The diesel emissions scandal has shaken Volkswagen, a once proud automaker, to its very core. Martin Winterkorn lost his job and 600,000 workers feel uncertain about their future. Customers and the government are angry.
The decision to systematically cheat diesel emissions tests has already cost Germany’s largest industrial enterprise €30 million in stock value. Add to that the damage done to Volkswagen’s image. The automaker now stands not only for German engineering know-how, but also for premeditated law breaking. It will take years before the company recovers from the scandal.
The time is ripe for a new beginning, but the supervisory board in Wolfsburg apparently didn’t have the courage to turn the page. Its decision to appoint Porsche chief Mattias Müller as Volkswagen’s new chief executive does not send a signal of fundamental change.
For all his many achievements, Mr. Müller is simply too closely tied to the old system. His owes his rise at Volkswagen to two men – Martin Winterkorn and Ferdinand Piëch. Both turned the automaker into what it is today – a complex, hierarchically organized power structure that’s nearly impossible to control.

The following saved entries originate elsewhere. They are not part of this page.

(* Let $p\in(0,1)$, $\gamma>0$, $B>0$, $w\in\mathbb{N}$. Then: (a) for each $N\in\mathbb{N}$, $\mathcal{T}_N$ has a unique maximizer over the set $\{(\xi_1,\dots,\xi_N):\xi_j\ge0,\ \sum_{j=1}^N\xi_j\le B\}$; (b) $\mathcal{T}_N^*$ is a (non-strictly) increasing function of $N$; (c) $\lim_{N\to\infty}\mathcal{T}_N^*=\mathcal{T}_\infty^*$, and this limit is finite.
   Context: Logarithms are base 2. A nonnegative sequence $(x_j)_{j\ge1}$ is admissible if $\sum_j x_j\le B$. For an admissible sequence, $$\mathcal{T}_\infty(x_1,x_2,\dots)=\sum_{k=1}^{w}p^2(1-p)^{k-1}\frac{k}{2}\log_2\!\Big(1+\gamma\frac{B}{k}\Big)+\sum_{j=1}^{\infty}p(1-p)^{j+w-1}\frac12\log_2(1+\gamma x_j)+\sum_{k=1}^{\infty}p^2(1-p)^{k+w-1}\frac{w}{2}\log_2\!\Big(1+\gamma\frac{B-\sum_{j=1}^{k}x_j}{w}\Big),$$ and $\mathcal{T}_\infty^*$ is the supremum of $\mathcal{T}_\infty$ over all admissible sequences. For $N\in\mathbb{N}$ and $\xi_1,\dots,\xi_N\ge0$ with $\sum_{j=1}^N\xi_j\le B$, define $\mathcal{T}_N(\xi_1,\dots,\xi_N)=\mathcal{T}_\infty(\xi_1,\dots,\xi_N,0,0,\dots)$, and let $\mathcal{T}_N^*$ be the supremum of $\mathcal{T}_N$ over this set. *)

theory Defs
  imports "HOL-Analysis.Analysis"
begin

text \<open>Sequences (x_1, x_2, ...) are represented as functions nat => real,
  shifted by one: x j here stands for x_{j+1} in the paper.\<close>

definition admissible :: "real \<Rightarrow> (nat \<Rightarrow> real) \<Rightarrow> bool" where
  "admissible B x \<longleftrightarrow> (\<forall>j. 0 \<le> x j) \<and> summable x \<and> suminf x \<le> B"
(* Let $k$ be a fixed non-negative integer. There is an algorithm which, given an arbitrary $n\times n$ matrix $M$ with entries in $\mathbb{Z}_2$, decides whether $R(M)\le k$, and whose running time is $O(n^{k+4})$ (the implied constant may depend on $k$).
   Context: For an $n\times n$ matrix $M$ with entries in $\mathbb{Z}_2$, $R(M)$ denotes the minimal rank (over $\mathbb{Z}_2$) among all matrices obtained from $M$ by changing some (possibly none) of the entries on the main diagonal of $M$, i.e. $R(M)=\min\{\operatorname{rk}(M+D): D \text{ an } n\times n \text{ diagonal matrix over } \mathbb{Z}_2\}$. Complexity is measured in elementary operations on entries of $\mathbb{Z}_2$. *)

theory Defs
  imports "HOL-Library.Z2" "Jordan_Normal_Form.DL_Rank"
begin

definition diag_mat_n :: "nat \<Rightarrow> bit mat \<Rightarrow> bool" where
  "diag_mat_n n D \<longleftrightarrow> D \<in> carrier_mat n n \<and>
     (\<forall>i<n. \<forall>j<n. i \<noteq> j \<longrightarrow> D $$ (i, j) = 0)"

definition minrank :: "bit mat \<Rightarrow> nat" where
  "minrank M = Min {vec_space.rank (dim_row M) (M + D) | D. diag_mat_n (dim_row M) D}"

text \<open>State: natural-number registers (indices/counters) and a collection of
  two-dimensional bit arrays (memory cell (a,i,j) = entry (i,j) of array a).\<close>

type_synonym state = "(nat \<Rightarrow> nat) \<times> (nat \<Rightarrow> nat \<Rightarrow> nat \<Rightarrow> bool)"

datatype aexp = N nat | V nat | Plus aexp aexp | Minus aexp aexp

datatype bexp = Bc bool | Less aexp aexp | Eq aexp aexp | Not bexp
  | And bexp bexp | Xor bexp bexp | Cell aexp aexp aexp

datatype com = SKIP | Assign nat aexp | Store aexp aexp aexp bexp
  | Seq com com | If bexp com com | While bexp com

fun aval :: "aexp \<Rightarrow> state \<Rightarrow> nat" where
  "aval (N c) s = c"
| "aval (V x) s = fst s x"
| "aval (Plus a b) s = aval a s + aval b s"
| "aval (Minus a b) s = aval a s - aval b s"

fun bval :: "bexp \<Rightarrow> state \<Rightarrow> bool" where
  "bval (Bc v) s = v"
| "bval (Less a b) s = (aval a s < aval b s)"
| "bval (Eq a b) s = (aval a s = aval b s)"
| "bval (Not b) s = (\<not> bval b s)"
| "bval (And b c) s = (bval b s \<and> bval c s)"
| "bval (Xor b c) s = (bval b s \<noteq> bval c s)"
| "bval (Cell a i j) s = snd s (aval a s) (aval i s) (aval j s)"

inductive big_step :: "com \<Rightarrow> state \<Rightarrow> nat \<Rightarrow> state \<Rightarrow> bool" where
  Skip: "big_step SKIP s 1 s"
| Assign: "big_step (Assign x a) s 1 ((fst s)(x := aval a s), snd s)"
| Store: "big_step (Store a i j b) s 1
     (fst s, (snd s)(aval a s := (snd s (aval a s))(aval i s := (snd s (aval a s) (aval i s))(aval j s := bval b s))))"
| Seq: "big_step c1 s1 t1 s2 \<Longrightarrow> big_step c2 s2 t2 s3 \<Longrightarrow> big_step (Seq c1 c2) s1 (t1 + t2) s3"
| IfTrue: "bval b s \<Longrightarrow> big_step c1 s t s' \<Longrightarrow> big_step (If b c1 c2) s (t + 1) s'"
| IfFalse: "\<not> bval b s \<Longrightarrow> big_step c2 s t s' \<Longrightarrow> big_step (If b c1 c2) s (t + 1) s'"
| WhileFalse: "\<not> bval b s \<Longrightarrow> big_step (While b c) s 1 s"
| WhileTrue: "bval b s1 \<Longrightarrow> big_step c s1 t1 s2 \<Longrightarrow> big_step (While b c) s2 t2 s3 \<Longrightarrow>
     big_step (While b c) s1 (1 + t1 + t2) s3"

text \<open>Input encoding: register 0 holds n, array 0 holds the matrix (True = 1),
  everything else is zero/False.  Output: register 1 nonzero means "yes".\<close>

definition init_state :: "nat \<Rightarrow> bit mat \<Rightarrow> state" where
  "init_state n M = ((\<lambda>x. if x = 0 then n else 0),
     (\<lambda>a i j. a = 0 \<and> i < n \<and> j < n \<and> M $$ (i, j) = 1))"

definition accepts :: "state \<Rightarrow> bool" where
  "accepts s \<longleftrightarrow> fst s 1 \<noteq> 0"

end

(*
  R(M) <= k iff there are k columns of M, each with its diagonal entry replaced by an arbitrary
  bit (or the zero column), such that every column j of M agrees off the diagonal with a linear
  combination of them: choosing the diagonal entry of column j to match the combination puts all
  columns of the modified matrix into their span, and conversely a column basis of an optimal
  M + D is such a family. The condition is a quantifier prefix "exists columns and bits, for all j,
  exists coefficients, for all l" over ranges of sizes (2(n+1))^k, n, 2^k and n, followed by an XOR
  of k bits; nested counting loops therefore decide it in O(n^(k+2)) steps.
*)

theory Submission
  imports Defs
begin

section \<open>Column spans and the minimal rank\<close>

lemma (in vec_space) obtain_maximal_indpt_cols:
  assumes "A \<in> carrier_mat n nc"
  obtains S where "S \<subseteq> set (cols A)" "finite S" "lin_indpt S" "card S = rank A"
    "maximal S (\<lambda>T. T \<subseteq> set (cols A) \<and> lin_indpt T)"
proof -
  have "lin_indpt {}"
    unfolding lin_dep_def by auto
  then obtain S where "finite S" and max: "maximal S (\<lambda>T. T \<subseteq> set (cols A) \<and> lin_indpt T)"
    using maximal_exists_superset[of "set (cols A)" "\<lambda>T. T \<subseteq> set (cols A) \<and> lin_indpt T" "{}"]
    by auto
  with rank_card_indpt[OF assms max] show thesis
    using that unfolding maximal_def by auto
qed

lemma (in vec_space) rank_le_card_spanning:
  assumes A: "A \<in> carrier_mat n nc" and W: "finite W" "W \<subseteq> carrier_vec n"
    and span: "set (cols A) \<subseteq> span W"
  shows "rank A \<le> card W"
proof -
  obtain S where "S \<subseteq> set (cols A)" "finite S" "lin_indpt S" "card S = rank A"
    using obtain_maximal_indpt_cols[OF A] .
  moreover from this have "S \<subseteq> span W"
    using span by blast
  ultimately show ?thesis
    using replacement[OF \<open>finite S\<close> W] by fastforce
qed

lemma (in vec_space) cols_in_span_of_basis:
  assumes A: "A \<in> carrier_mat n nc"
  obtains S where "S \<subseteq> set (cols A)" "card S = rank A" "set (cols A) \<subseteq> span S"
proof -
  obtain S where S: "S \<subseteq> set (cols A)" "finite S" "lin_indpt S" "card S = rank A"
    and max: "maximal S (\<lambda>T. T \<subseteq> set (cols A) \<and> lin_indpt T)"
    using obtain_maximal_indpt_cols[OF A] .
  have cols: "set (cols A) \<subseteq> carrier_vec n"
    using A cols_dim by blast
  have "c \<in> span S" if c: "c \<in> set (cols A)" for c
  proof (rule ccontr)
    assume c_out: "c \<notin> span S"
    have S_vec: "S \<subseteq> carrier_vec n"
      using S(1) cols by blast
    then have "c \<notin> S"
      using c_out in_own_span by blast
    then have "lin_indpt (S \<union> {c})"
      using lin_dep_iff_in_span[OF S_vec S(3) _ \<open>c \<notin> S\<close>] c cols c_out by auto
    with max c S(1) \<open>c \<notin> S\<close> show False
      unfolding maximal_def by blast
  qed
  then show thesis
    using that S by blast
qed

text \<open>An index \<open>x \<ge> n\<close> stands for the zero column.\<close>

definition patched_col :: "bit mat \<Rightarrow> nat \<Rightarrow> nat \<Rightarrow> bit \<Rightarrow> nat \<Rightarrow> bit" where
  "patched_col M n x g l = (if l = x then g else if x < n then M $$ (l, x) else 0)"

definition off_diag_comb ::
    "bit mat \<Rightarrow> nat \<Rightarrow> nat \<Rightarrow> (nat \<Rightarrow> nat) \<Rightarrow> (nat \<Rightarrow> bit) \<Rightarrow> (nat \<Rightarrow> bit) \<Rightarrow> nat \<Rightarrow> bool" where
  "off_diag_comb M n k X G C j \<longleftrightarrow>
     (\<forall>l<n. l \<noteq> j \<longrightarrow> (\<Sum>i<k. C i * patched_col M n (X i) (G i) l) = M $$ (l, j))"

definition off_diag_spanned :: "bit mat \<Rightarrow> nat \<Rightarrow> nat \<Rightarrow> (nat \<Rightarrow> nat) \<Rightarrow> (nat \<Rightarrow> bit) \<Rightarrow> bool" where
  "off_diag_spanned M n k X G \<longleftrightarrow> (\<forall>j<n. \<exists>C. off_diag_comb M n k X G C j)"

lemma bit_cases_0_1: "(b :: bit) = 0 \<or> b = 1"
  using bit_not_zero_iff by blast

lemma bit_add_cancel: "(a :: bit) + (b + a) = b"
  using bit_cases_0_1[of a] bit_cases_0_1[of b] by auto

lemma finite_diag_ranks:
  assumes "M \<in> carrier_mat n n"
  shows "finite {vec_space.rank n (M + D) | D. diag_mat_n n D}"
proof -
  have "vec_space.rank n (M + D) \<le> n" if "diag_mat_n n D" for D
  proof (rule vec_space.rank_le_nc)
    show "M + D \<in> carrier_mat n n"
      using assms that unfolding diag_mat_n_def by auto
  qed
  then have "{vec_space.rank n (M + D) | D. diag_mat_n n D} \<subseteq> {..n}"
    by blast
  then show ?thesis
    using finite_subset by blast
qed

lemma minrank_eq_Min:
  assumes "M \<in> carrier_mat n n"
  shows "minrank M = Min {vec_space.rank n (M + D) | D. diag_mat_n n D}"
  unfolding minrank_def carrier_matD(1)[OF assms] by (rule refl)

lemma minrank_le_rank:
  assumes "M \<in> carrier_mat n n" "diag_mat_n n D"
  shows "minrank M \<le> vec_space.rank n (M + D)"
  unfolding minrank_eq_Min[OF assms(1)]
  by (rule Min_le[OF finite_diag_ranks[OF assms(1)]]) (use assms(2) in blast)

lemma minrank_attained:
  assumes "M \<in> carrier_mat n n"
  obtains D where "diag_mat_n n D" "vec_space.rank n (M + D) = minrank M"
proof -
  have "diag_mat_n n (0\<^sub>m n n)"
    unfolding diag_mat_n_def by simp
  then have "{vec_space.rank n (M + D) | D. diag_mat_n n D} \<noteq> {}"
    by blast
  from Min_in[OF finite_diag_ranks[OF assms] this]
  have "minrank M \<in> {vec_space.rank n (M + D) | D. diag_mat_n n D}"
    unfolding minrank_eq_Min[OF assms] .
  then show thesis
    using that by auto
qed
lemma fragile_if_gcomponent_punctured_block:
  assumes conn: "connected F" and card: "1 < card D" and k1: "k1 \<ge> 2"
    and i0: "i0 \<in> D" and u: "u \<in> gamma_vertices D k1"
    and C: "C \<in> gcomponents (gamma_vertices D (Suc k1) - {i0 # u}) (gamma_edge N D)"
    and C_eq: "C = Cons i0 ` gamma_vertices D k1 - {i0 # u}"
  shows "fragile N D"
proof -
  have "only_contact_cell k1 i0 (D - {i0}) u"
    unfolding only_contact_cell_def
  proof (intro ballI impI, rule ccontr)
    fix \<omega> j w
    assume \<omega>: "\<omega> \<in> gamma_vertices D (Suc k1)" "hd \<omega> = i0" and j: "j \<in> D - {i0}"
      and w: "w \<in> gamma_vertices D k1" and meet: "cell \<omega> \<inter> cell (j # w) \<noteq> {}"
    assume "\<omega> \<noteq> i0 # u"
    with \<omega> have "\<omega> \<in> C"
      unfolding C_eq by (cases \<omega>) (auto simp: gamma_vertices_def)
    moreover have "j # w \<in> gamma_vertices D (Suc k1) - {i0 # u} - C"
      using j w unfolding C_eq by auto
    ultimately show False
      using cells_disjoint_if_gcomponent[OF C] meet by blast
  qed
  then have "gsc_map N i0 ` F \<inter> (\<Union>j\<in>D - {i0}. gsc_map N j ` F)
      \<subseteq> {gsc_map N i0 (contact_point N (u ! 0) (u ! 1))}"
    by (intro attractor_contact_subset_singleton[OF k1 i0 u]) auto
  then show ?thesis
    by (rule fragile_if_contact_subset_singleton[OF conn card i0])
qed

lemma gcomponent_block_contact_subset:
  assumes C: "C \<in> gcomponents (gamma_vertices D (Suc k1) - {i0 # u}) (gamma_edge N D)"
    and C_eq: "C = Cons b ` gamma_vertices D k1"
  shows "gsc_map N b ` F \<inter> (\<Union>j\<in>D - {b}. gsc_map N j ` F) \<subseteq> gsc_map N i0 ` F \<inter> gsc_map N b ` F"
proof
  fix x assume "x \<in> gsc_map N b ` F \<inter> (\<Union>j\<in>D - {b}. gsc_map N j ` F)"
  then obtain y j z where y: "y \<in> F" and j: "j \<in> D" "j \<noteq> b" and z: "z \<in> F"
    and x: "x = gsc_map N b y" and eq: "gsc_map N b y = gsc_map N j z"
    by blast
  obtain w1 y1 where w1: "w1 \<in> gamma_vertices D k1" "y1 \<in> F" "y = gsc_word_map N w1 y1"
    using attractor_cover_cells[OF y] by blast
  obtain w2 z2 where w2: "w2 \<in> gamma_vertices D k1" "z2 \<in> F" "z = gsc_word_map N w2 z2"
    using attractor_cover_cells[OF z] by blast
  have "gsc_map N b y = gsc_word_map N (b # w1) y1" "gsc_map N b y = gsc_word_map N (j # w2) z2"
    using eq w1(3) w2(3) by simp_all
  then have "gsc_map N b y \<in> cell (b # w1) \<inter> cell (j # w2)"
    using w1(2) w2(2) by blast
  moreover have "b # w1 \<in> C"
    using w1(1) unfolding C_eq by blast
  moreover have "j # w2 \<in> gamma_vertices D (Suc k1) - C"
    using j w2(1) unfolding C_eq by auto
  ultimately have "j # w2 = i0 # u"
    using cells_disjoint_if_gcomponent[OF C] by blast
  then have "x = gsc_map N i0 z"
    using x eq by simp
  then show "x \<in> gsc_map N i0 ` F \<inter> gsc_map N b ` F"
    using x y z by blast
qed
lemma cj_ring_hom: "g \<in> carrier G \<Longrightarrow> subgroup H G \<Longrightarrow> tcj T g H \<in> ring_hom (tlev T H) (tlev T (conjg G g H))"
  by (simp only: tambara_axioms)

lemma cj_tr: "g \<in> carrier G \<Longrightarrow> subgrp_le G K H \<Longrightarrow> a \<in> carrier (tlev T K) \<Longrightarrow>
  tcj T g H (ttr T K H a) = ttr T (conjg G g K) (conjg G g H) (tcj T g K a)"
  by (simp only: tambara_axioms)

lemma cj_closed: "g \<in> carrier G \<Longrightarrow> subgroup H G \<Longrightarrow> a \<in> carrier (tlev T H) \<Longrightarrow>
    tcj T g H a \<in> carrier (tlev T (conjg G g H))"
  and cj_mult: "g \<in> carrier G \<Longrightarrow> subgroup H G \<Longrightarrow> a \<in> carrier (tlev T H) \<Longrightarrow> b \<in> carrier (tlev T H) \<Longrightarrow>
    tcj T g H (a \<otimes>\<^bsub>tlev T H\<^esub> b) = tcj T g H a \<otimes>\<^bsub>tlev T (conjg G g H)\<^esub> tcj T g H b"
  and cj_add: "g \<in> carrier G \<Longrightarrow> subgroup H G \<Longrightarrow> a \<in> carrier (tlev T H) \<Longrightarrow> b \<in> carrier (tlev T H) \<Longrightarrow>
    tcj T g H (a \<oplus>\<^bsub>tlev T H\<^esub> b) = tcj T g H a \<oplus>\<^bsub>tlev T (conjg G g H)\<^esub> tcj T g H b"
  by (simp_all add: ring_hom_closed[OF cj_ring_hom] ring_hom_mult[OF cj_ring_hom]
      ring_hom_add[OF cj_ring_hom])

lemma tambara_ideal_top: "tambara_ideal G T (\<lambda>H. carrier (tlev T H))"
  unfolding tambara_ideal_def
proof (intro conjI allI impI ballI subsetI)
  fix H assume "subgroup H G"
  then show "ideal (carrier (tlev T H)) (tlev T H)" using level_ring ring.oneideal by blast
next
  fix H K r assume "subgrp_le G K H" and "r \<in> tres T H K ` carrier (tlev T H)"
  then show "r \<in> carrier (tlev T K)" using res_closed by auto
next
  fix H K r assume "subgrp_le G K H" and "r \<in> ttr T K H ` carrier (tlev T K)"
  then show "r \<in> carrier (tlev T H)" using tr_closed by auto
next
  fix H K r assume "subgrp_le G K H" and "r \<in> tnm T K H ` carrier (tlev T K)"
  then show "r \<in> carrier (tlev T H)" using nm_closed by auto
next
  fix g H r assume "g \<in> carrier G" "subgroup H G" and "r \<in> tcj T g H ` carrier (tlev T H)"
  then show "r \<in> carrier (tlev T (conjg G g H))" using cj_closed by auto
qed
text \<open>Without convexity (B1--B3) the code bound is available only at the endpoints, so the
  quadratic remainder survives as the factor \<open>1 + \<epsilon>/\<surd>\<kappa>\<close>.\<close>

lemma fx_lipschitz_condB:
  assumes B: "condB123 g \<D> \<kappa> K" and D: "D \<in> \<D>" and q: "q \<in> \<D>"
    and e: "norm12 (D - q) \<le> \<epsilon>"
  shows "\<bar>fx g x D - fx g x q\<bar> \<le> norm x * gbarB \<kappa> ((norm x)^2/2) * (\<epsilon> * (1 + \<epsilon> / sqrt \<kappa>))"
proof -
  interpret penalty g by (rule penalty_condB[OF B])
  have \<kappa>: "\<kappa> > 0" using B by (simp add: condB123_def)
  define G where "G = gbarB \<kappa> ((norm x)^2/2)"
  have G: "G \<ge> 0" unfolding G_def using \<kappa> by (intro gbarB_nonneg) auto
  define t where "t = norm12 (D - q)"
  have t: "0 \<le> t" "t \<le> \<epsilon>" using e norm12_nonneg unfolding t_def by auto
  have "fx g x q \<le> fx g x D + norm x * G * t + (G * t)^2 / 2"
    unfolding t_def norm12_minus_commute[of D q]
    by (rule fx_one_step[OF G]) (unfold G_def, rule condB_code_bound[OF B D], auto)
  moreover have "fx g x D \<le> fx g x q + norm x * G * t + (G * t)^2 / 2"
    unfolding t_def by (rule fx_one_step[OF G]) (unfold G_def, rule condB_code_bound[OF B q], auto)
  moreover have "norm x * G * t + (G * t)^2 / 2 = norm x * G * (t * (1 + t / sqrt \<kappa>))"
  proof -
    have half: "G / 2 = norm x / sqrt \<kappa>" using gbarB_half_square[OF \<kappa>, of x] by (simp add: G_def)
    have "(G * t)^2 / 2 = G * t * t * (G / 2)" by (simp add: power2_eq_square)
    also have "\<dots> = norm x * G * t * (t / sqrt \<kappa>)" unfolding half by simp
    finally show ?thesis by (simp add: algebra_simps)
  qed
  moreover have "\<dots> \<le> norm x * G * (\<epsilon> * (1 + \<epsilon> / sqrt \<kappa>))"
    using t \<kappa> G by (intro mult_left_mono mult_mono add_left_mono divide_right_mono) auto
  ultimately show ?thesis by (simp add: G_def abs_le_iff)
qed

lemma weight_measurable_condA:
  assumes A: "condA g"
  shows "(\<lambda>x::real^'m. norm x * gbarA g ((norm x)^2/2)) \<in> borel_measurable borel"
proof -
  define h where "h t = gbarA g (max 0 t)" for t
  have "mono h" unfolding h_def mono_def by (auto intro!: gbarA_mono[OF A])
  then have "h \<in> borel_measurable borel" by (rule borel_measurable_mono)
  then have "(\<lambda>x::real^'m. h ((norm x)^2/2)) \<in> borel_measurable borel"
    by (rule measurable_compose[rotated])
       (intro borel_measurable_continuous_onI continuous_intros, auto)
  then have "(\<lambda>x::real^'m. norm x * h ((norm x)^2/2)) \<in> borel_measurable borel"
    by (intro borel_measurable_times) (auto intro: borel_measurable_continuous_onI continuous_intros)
  then show ?thesis by (simp add: h_def)
qed

lemma weight_measurable_gbarB:
  "(\<lambda>x::real^'m. norm x * gbarB \<kappa> ((norm x)^2/2)) \<in> borel_measurable borel"
  unfolding gbarB_def divide_inverse by (intro borel_measurable_continuous_onI continuous_intros)

lemma fx_measurable: "penalty g \<Longrightarrow> (\<lambda>x::real^'m. fx g x D) \<in> borel_measurable borel"
  by (intro borel_measurable_continuous_onI penalty.fx_continuous)

lemma integral_diff_le_weight_integrable:
  fixes f1 f2 \<phi> :: "'a \<Rightarrow> real"
  assumes f1: "integrable P f1" and f2: "f2 \<in> borel_measurable P"
    and \<phi>: "integrable P \<phi>" "integral\<^sup>L P \<phi> \<le> L"
    and lip: "\<And>x. \<bar>f1 x - f2 x\<bar> \<le> \<phi> x * k" and k: "k \<ge> 0"
  shows "integrable P f2 \<and> \<bar>integral\<^sup>L P f1 - integral\<^sup>L P f2\<bar> \<le> L * k"
proof
  have \<phi>k: "integrable P (\<lambda>x. \<phi> x * k)" using \<phi> by simp
  show f2_int: "integrable P f2"
  proof (rule Bochner_Integration.integrable_bound[OF _ f2])
    show "integrable P (\<lambda>x. \<bar>f1 x\<bar> + \<phi> x * k)" using f1 \<phi>k by simp
    show "AE x in P. norm (f2 x) \<le> norm (\<bar>f1 x\<bar> + \<phi> x * k)"
      using lip by (auto intro!: always_eventually) (smt (verit))
  qed
  have "\<bar>integral\<^sup>L P f1 - integral\<^sup>L P f2\<bar> = \<bar>integral\<^sup>L P (\<lambda>x. f1 x - f2 x)\<bar>"
    using f1 f2_int by simp
  also have "\<dots> \<le> integral\<^sup>L P (\<lambda>x. \<bar>f1 x - f2 x\<bar>)" by (rule integral_abs_bound)
  also have "\<dots> \<le> integral\<^sup>L P (\<lambda>x. \<phi> x * k)" using f1 f2_int \<phi>k lip by (intro integral_mono) auto
  also have "\<dots> \<le> L * k" using \<phi>(2) k by (simp add: mult_right_mono)
  finally show "\<bar>integral\<^sup>L P f1 - integral\<^sup>L P f2\<bar> \<le> L * k" .
qed

text \<open>The same for Bochner integrals without integrability assumptions (if neither function is
  integrable, both integrals are 0).\<close>

lemma integral_diff_le_weight:
  fixes f1 f2 \<phi> :: "'a \<Rightarrow> real"
  assumes f1: "f1 \<in> borel_measurable P" and f2: "f2 \<in> borel_measurable P"
    and \<phi>_meas: "\<phi> \<in> borel_measurable P" and \<phi>_nonneg: "\<And>x. 0 \<le> \<phi> x"
    and \<phi>_int: "(\<integral>\<^sup>+ x. ennreal (\<phi> x) \<partial>P) < ennreal L"
    and lip: "\<And>x. \<bar>f1 x - f2 x\<bar> \<le> \<phi> x * k" and k: "k \<ge> 0"
  shows "\<bar>integral\<^sup>L P f1 - integral\<^sup>L P f2\<bar> \<le> L * k"
proof -
  have \<phi>: "integrable P \<phi>"
    by (rule integrableI_nonneg[OF \<phi>_meas]) (use \<phi>_nonneg \<phi>_int in \<open>auto intro: order.strict_trans\<close>)
  have "ennreal (integral\<^sup>L P \<phi>) < ennreal L"
    using \<phi>_int nn_integral_eq_integral[OF \<phi>] \<phi>_nonneg by simp
  then have \<phi>_le: "integral\<^sup>L P \<phi> \<le> L"
    using integral_nonneg_AE[of \<phi> P] \<phi>_nonneg by (simp add: ennreal_less_iff)
  have L: "L \<ge> 0"
  proof (rule ccontr)
    assume "\<not> L \<ge> 0"
    then have "ennreal L = 0" by (simp add: ennreal_neg)
    then show False using \<phi>_int by simp
  qed
  consider "integrable P f1" | "integrable P f2" | "\<not> integrable P f1" "\<not> integrable P f2"
    by blast
  then show ?thesis
  proof cases
    case 1
    from integral_diff_le_weight_integrable[OF 1 f2 \<phi> \<phi>_le lip k] show ?thesis by simp
  next
    case 2
    from integral_diff_le_weight_integrable[OF 2 f1 \<phi> \<phi>_le _ k] lip show ?thesis
      by (simp add: abs_minus_commute)
  next
    case 3
    then show ?thesis using L k by (simp add: not_integrable_integral_eq)
  qed
qed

The example of Deutsche Bank shows that a change of culture can only succeeded with a comprehensive change of personnel.
Mr. Piëch, the Volkswagen patriarch and former supervisory board chairman, wanted to install Mr. Müller as chief executive months ago, when he publicly distanced himself from Mr. Winterkorn. But Mr Müller’s close relationship with Mr. Piëch is both a blessing and a curse in the current situation.
On the one hand, virtually nothing happens at Volkswagen without Mr. Piëch’s support. On the other hand, Mr. Müller will be able get to the bottom of the diesel scandal only if he distances himself from Mr. Piëch. The investigation will seek to find out not just when Mr. Winterkorn first knew about the emissions cheating, but also why Mr. Piëch didn’t intervene as supervisory board chairman.
It’s questionable whether or not Mr. Müller will take a tough line against his two patrons. But this is exactly what’s needed in order to successfully implement a change of culture in which problems are openly addressed at Volkswagen.
Passenger brand chief Herbert Diess, who only recently left BMW, would have been better able to clean house in a more unbiased fashion. In contrast to Mr. Müller, Mr. Diess wouldn’t have needed to sign a statement declaring that he knew nothing about emissions cheating.
That’s no small difference at a time when absolute and unassailable integrity is key asset. In the end, this could prove more important than how well the new chief executive knows the company and how much power he has on the inside to implement a new strategy.
The example of Deutsche Bank shows that a change of culture can only succeed with a comprehensive change of personnel. A credible new beginning at Deutsche Bank would have been impossible with Anshu Jain still at the helm, whose investment banking division was responsible for most of the legal trouble.
John Cryan, the new head of Deutsche Bank, doesn’t have this problem. He can credibly say that he had nothing to do with past illegality. That bolsters his power.
In order to successfully change Volkswagen, Mr. Müller needs independence and not just for the investigation into the diesel emissions scandal. He also needs independence in order to successfully restructure the company, reduce its dependence on China and reform its cost structure. Deutsche Bank taught one other lesson – cultural change succeeds only with economic success, otherwise the company won’t accept it.
Matthias Müller’s age does present one advantage. At 62, he’s reached the goal of his career and further ambitions are unlikely. One can only hope this will give Mr. Müller the independence that’s needed to completely change the automaker’s orientation. Otherwise the Volkswagen drama will simply go into the next act.